Background and Current Practice

Assessing the quality of Information for specific application domains, notably in eScience, is predominantly an information consumer task, aimed at establishing whether a piece of information is fit for use in the context of an application. Unfortunately, a quantitative assessment based on well-defined quality metrics is not always possible, indeed for many common but complex types of scientific data, no agreed upon metrics are available. One reason is that many variables (indicators) contribute to the accuracy, precision, and ultimately, reliability and trustworthiness of a data product that emerges from a complex experimental pipeline, and analytical models that explain overall quality in terms of those variables are difficult to develop.

A promising alternative to analytical models is to learn (heuristic) models that correlate indicator variables obtained from a large collections of datasets, with their user-perceived quality levels. Namely, such machine learning approach relies on large number of examples and corresponding user decisions, i.e., accept vs reject, to establish correlations between the state of the indicator variables and the outcome.

Information Quality assessment is rarely performed at all on the output of complex eScience processes. We have described some of the information quality problems that arise in a specific area of the life science, namely qualitative proteomics, in a recent survey [1] and a partial, non-inductive but practical approach to the problem is described in a recent demo [2].

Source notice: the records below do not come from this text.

definition weight :: "('a::euclidean_space \<Rightarrow> real) \<Rightarrow> bool" where
  "weight w \<longleftrightarrow> w \<in> borel_measurable lborel \<and> (\<forall>x. 0 \<le> w x) \<and>
     (AE x in lborel. 0 < w x) \<and> (\<forall>K. compact K \<longrightarrow> (\<integral>\<^sup>+ x\<in>K. ennreal (w x) \<partial>lborel) < \<infinity>)"

definition A_infty :: "('a::euclidean_space \<Rightarrow> real) \<Rightarrow> ennreal" where
  "A_infty w = (SUP Q\<in>cubes. avg (\<lambda>x. ennreal (w x)) Q * exp_avg_log (\<lambda>x. inverse (ennreal (w x))) Q)"

definition A_infty' :: "('a::euclidean_space \<Rightarrow> real) \<Rightarrow> ennreal" where
  "A_infty' w = (SUP Q\<in>cubes. (\<integral>\<^sup>+ x\<in>Q. maximal (\<lambda>y. w y * indicator Q y) x \<partial>lborel)
                               / (\<integral>\<^sup>+ x\<in>Q. ennreal (w x) \<partial>lborel))"

end

theory Submission
  imports Defs
begin

text \<open>
  For any cube \<open>R\<close>, the definition of \<open>[w]\<^sub>A\<^sub>\<infinity>\<close> together with
  \<open>exp(avg\<^sub>R log w) \<cdot> exp(avg\<^sub>R log w\<^sup>-\<^sup>1) = 1\<close> gives
  \<open>avg\<^sub>R w \<le> [w]\<^sub>A\<^sub>\<infinity> exp(avg\<^sub>R log w)\<close>.
  Fix a cube \<open>Q\<close> and \<open>x \<in> Q\<close>. Every cube \<open>R \<ni> x\<close> meets \<open>Q\<close> inside a cube
  \<open>R' \<subseteq> Q\<close> containing \<open>x\<close> with \<open>|R'| \<le> |R|\<close>, so
  \<open>avg\<^sub>R (w\<chi>\<^sub>Q) \<le> avg\<^sub>R\<^sub>' w \<le> [w]\<^sub>A\<^sub>\<infinity> M\<^sub>0(w\<chi>\<^sub>Q)(x)\<close>, i.e.
  \<open>M(w\<chi>\<^sub>Q) \<le> [w]\<^sub>A\<^sub>\<infinity> M\<^sub>0(w\<chi>\<^sub>Q)\<close> on \<open>Q\<close>. Integrating over \<open>Q\<close> and using the
  \<open>L\<^sup>1\<close> bound for \<open>M\<^sub>0\<close> yields \<open>\<integral>\<^sub>Q M(w\<chi>\<^sub>Q) \<le> c [w]\<^sub>A\<^sub>\<infinity> w(Q)\<close>.
\<close>

text \<open>Unlike \<open>nn_integral_cmult\<close>, this needs no measurability of \<open>g\<close>.\<close>
lemma nn_integral_cmult_le:
  fixes c :: ennreal
  assumes "c < \<infinity>"
  shows "(\<integral>\<^sup>+ x. c * g x \<partial>M) \<le> c * integral\<^sup>N M g"
proof (cases "c = 0")
  case False
  then have c: "0 < c" by (simp add: zero_less_iff_neq_zero)
  show ?thesis
    unfolding nn_integral_def[of M "\<lambda>x. c * g x"]
  proof (rule SUP_least, clarify)
    fix s assume s: "simple_function M s" "s \<le> (\<lambda>x. c * g x)"
    define s' where "s' = (\<lambda>x. s x / c)"
    have simple: "simple_function M s'" unfolding s'_def using simple_function_compose1[OF s(1)] .
    have le: "s' \<le> g"
    proof (rule le_funI)
      fix x have "s x \<le> c * g x" using s(2) by (auto dest: le_funD)
      then show "s' x \<le> g x" unfolding s'_def using c assms by (metis divide_le_posI_ennreal)
    qed
    have eq: "s = (\<lambda>x. c * s' x)" unfolding s'_def using c assms
      by (auto simp: ennreal_times_divide mult.commute[of c] mult_divide_eq_ennreal)
    have "integral\<^sup>S M s = c * integral\<^sup>S M s'" by (subst eq) (simp add: simple)
    also have "\<dots> \<le> c * integral\<^sup>N M g"
      using simple le by (intro mult_left_mono) (auto simp: nn_integral_def intro!: SUP_upper)
    finally show "integral\<^sup>S M s \<le> c * integral\<^sup>N M g" .
  qed
qed simp

lemma epowr_one [simp]: "epowr a 1 = a"
  by (cases "a = \<infinity>") (auto simp: epowr_def ennreal_enn2real less_top)

lemma Lp_norm_one: "Lp_norm g 1 = (\<integral>\<^sup>+ x. g x \<partial>lborel)"
  by (simp add: Lp_norm_def)

lemma mem_cube: "y \<in> cube x r \<longleftrightarrow> (\<forall>i\<in>Basis. x \<bullet> i \<le> y \<bullet> i \<and> y \<bullet> i \<le> x \<bullet> i + r)"
  by (simp add: cube_def mem_box inner_simps)

lemma emeasure_cube: "0 < r \<Longrightarrow> emeasure lborel (cube x r) = ennreal (r ^ DIM('a))"
  for x :: "'a::euclidean_space"
  by (simp add: cube_def emeasure_lborel_cbox_eq inner_simps)

lemma sets_cube [measurable]: "cube x r \<in> sets lborel"
  by (simp add: cube_def)

lemma cube_in_cubes: "0 < r \<Longrightarrow> cube x r \<in> cubes"
  by (auto simp: cubes_def)

lemma cubesE:
  assumes "Q \<in> cubes"
  obtains x r where "Q = cube x r" "0 < r"
  using assms by (auto simp: cubes_def)

lemma cube_Int_subset_subcube:
  fixes a b :: "'a::euclidean_space"
  assumes "0 < s" "0 < t"
  obtains y where "cube a s \<inter> cube b t \<subseteq> cube y (min s t)" "cube y (min s t) \<subseteq> cube b t"
proof -
  define m where "m = min s t"
  \<comment> \<open>In each coordinate, push the lower corner of \<open>cube b t\<close> up towards that of \<open>cube a s\<close>,
    as far as a side of length \<open>m\<close> still fits into \<open>cube b t\<close>.\<close>
  define y where "y = (\<Sum>i\<in>Basis. min (max (a\<bullet>i) (b\<bullet>i)) (b\<bullet>i + t - m) *\<^sub>R i)"
  have y: "y \<bullet> i = min (max (a\<bullet>i) (b\<bullet>i)) (b\<bullet>i + t - m)" if "i \<in> Basis" for i
    unfolding y_def using that by (simp add: inner_sum_left inner_Basis if_distrib cong: if_cong)
  have "cube a s \<inter> cube b t \<subseteq> cube y m"
  proof (clarsimp simp: mem_cube y)
    fix z i :: 'a
    assume "\<forall>i\<in>Basis. a \<bullet> i \<le> z \<bullet> i \<and> z \<bullet> i \<le> a \<bullet> i + s"
      "\<forall>i\<in>Basis. b \<bullet> i \<le> z \<bullet> i \<and> z \<bullet> i \<le> b \<bullet> i + t" and "i \<in> Basis"
    then have "a \<bullet> i \<le> z \<bullet> i" "z \<bullet> i \<le> a \<bullet> i + s" "b \<bullet> i \<le> z \<bullet> i" "z \<bullet> i \<le> b \<bullet> i + t"
      by auto
    then show "min (max (a \<bullet> i) (b \<bullet> i)) (b \<bullet> i + t - m) \<le> z \<bullet> i \<and>
        z \<bullet> i \<le> min (max (a \<bullet> i) (b \<bullet> i)) (b \<bullet> i + t - m) + m"
      unfolding m_def by (simp add: min_def max_def)
  qed
  moreover have "cube y m \<subseteq> cube b t"
  proof (clarsimp simp: mem_cube y)
    fix z i :: 'a
    assume "\<forall>i\<in>Basis. min (max (a \<bullet> i) (b \<bullet> i)) (b \<bullet> i + t - m) \<le> z \<bullet> i \<and>
        z \<bullet> i \<le> min (max (a \<bullet> i) (b \<bullet> i)) (b \<bullet> i + t - m) + m" and "i \<in> Basis"
    then have "min (max (a \<bullet> i) (b \<bullet> i)) (b \<bullet> i + t - m) \<le> z \<bullet> i"
      "z \<bullet> i \<le> min (max (a \<bullet> i) (b \<bullet> i)) (b \<bullet> i + t - m) + m" by auto
    then show "b \<bullet> i \<le> z \<bullet> i \<and> z \<bullet> i \<le> b \<bullet> i + t"
      unfolding m_def using assms by (simp add: min_def max_def split: if_splits)
  qed
  ultimately show ?thesis using that unfolding m_def by blast
qed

This scenario illustrates a case where such correlation between indicator variables and perceived quality of a piece of information is computed. This is relevant to process provenance in that the indicator variables represent statements about the history (for example derivation, attribution) of information.

Use Case Scenario

Suppose a scientists runs a workflow to identify some of the proteins that are manifested on a 2D gel. A number of technologies are routinely used for this purpose. Protein identification by mass spectrometry, for example, relies on a "mass fingerprint" that describes the protein peptides found on the gel, and works by matching such fingerprint using a database large set of pre-computed fingerprints for known proteins. In this example, a web service may be used to match a fingerprint against a database. Throughout the experimental pipeline, a number of experimental problems may contribute to a poor outcome. These may include some environmental parameters in the lab, details of the wet lab portion of the experiment, as well as the parameters used for the match, the type and version of the database, and more. Each of these details can potentially be captured as the experiment is performed, and later used as a source of quality indicators.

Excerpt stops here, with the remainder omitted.